(* Under the assumptions of the following setting, the solution $(S_t,Q_t)$ of the deterministic delayed system \[ S_t'=\big[\alpha-k\sigma(Q_t)\big]S_t,\qquad Q_t'=d-mQ_t-k\sigma(Q_t)S_t+k\,b\,e^{-\mu\zeta}\sigma(Q_{t-\zeta})S_{t-\zeta},\quad t\ge0, \] with continuous initial functions $(S_{0,t},Q_{0,t})$ on $[-\zeta,0]$ satisfies, for some constant $c>0$ and all $t\ge0$, \[ |(S_t,Q_t)-E_0|\le c\,e^{-\eta t},\qquad E_0=(0,d/m),\quad\eta=\gamma\wedge\tfrac m2, \] where $\gamma=kd/m-\alpha$. Assumptions: $\gamma>0$, $M>d/m$, and for all $t\in[-\zeta,0]$: (i) $(S_{0,t},Q_{0,t})\in[0,M]\times[d/m,M]$; (ii) $b\,e^{-\mu\zeta}Q_{0,t}S_{0,t}>\frac dm S_{0,0}$ and $b\,e^{-\mu\zeta}>1$; (iii) $S_{0,t}<\frac{mM-d}{kbe^{-\mu\zeta}M}$.
   Context: Parameters $\alpha,k,d,m,b,\mu,\zeta,M$ are positive constants. $\sigma:\mathbb R_+\to\mathbb R_+$ is a $C^\infty$ function with $\sigma(x)=x$ for $0\le x\le M$, $\sigma(x)=M+1$ for $x>M+1$, and $0\le\sigma'(x)\le C$ for some constant $C>1$. $|\cdot|$ is the Euclidean norm. *)

theory Defs
  imports "HOL-Analysis.Analysis"
begin

definition smooth_fun :: "(real \<Rightarrow> real) \<Rightarrow> bool" where
  "smooth_fun f \<longleftrightarrow> (\<forall>n x. ((deriv ^^ n) f) differentiable (at x))"

end

theory Submission
  imports Defs
begin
· · ·
*Activity*. Each entry is to be written out exactly as it was given.

*Completed exercise*.
(* Under the assumptions of the following setting, the solution $(S_t,Q_t)$ of the deterministic delayed system \[ S_t'=\big[\alpha-k\sigma(Q_t)\big]S_t,\qquad Q_t'=d-mQ_t-k\sigma(Q_t)S_t+k\,b\,e^{-\mu\zeta}\sigma(Q_{t-\zeta})S_{t-\zeta},\quad t\ge0, \] with continuous initial functions $(S_{0,t},Q_{0,t})$ on $[-\zeta,0]$ satisfies, for some constant $c>0$ and all $t\ge0$, \[ |(S_t,Q_t)-E_0|\le c\,e^{-\eta t},\qquad E_0=(0,d/m),\quad\eta=\gamma\wedge\tfrac m2, \] where $\gamma=kd/m-\alpha$. Assumptions: $\gamma>0$, $M>d/m$, and for all $t\in[-\zeta,0]$: (i) $(S_{0,t},Q_{0,t})\in[0,M]\times[d/m,M]$; (ii) $b\,e^{-\mu\zeta}Q_{0,t}S_{0,t}>\frac dm S_{0,0}$ and $b\,e^{-\mu\zeta}>1$; (iii) $S_{0,t}<\frac{mM-d}{kbe^{-\mu\zeta}M}$.
   Context: Parameters $\alpha,k,d,m,b,\mu,\zeta,M$ are positive constants. $\sigma:\mathbb R_+\to\mathbb R_+$ is a $C^\infty$ function with $\sigma(x)=x$ for $0\le x\le M$, $\sigma(x)=M+1$ for $x>M+1$, and $0\le\sigma'(x)\le C$ for some constant $C>1$. $|\cdot|$ is the Euclidean norm. *)

theory Defs
  imports "HOL-Analysis.Analysis"
begin

definition smooth_fun :: "(real \<Rightarrow> real) \<Rightarrow> bool" where
  "smooth_fun f \<longleftrightarrow> (\<forall>n x. ((deriv ^^ n) f) differentiable (at x))"

end

theory Submission
  imports Defs
begin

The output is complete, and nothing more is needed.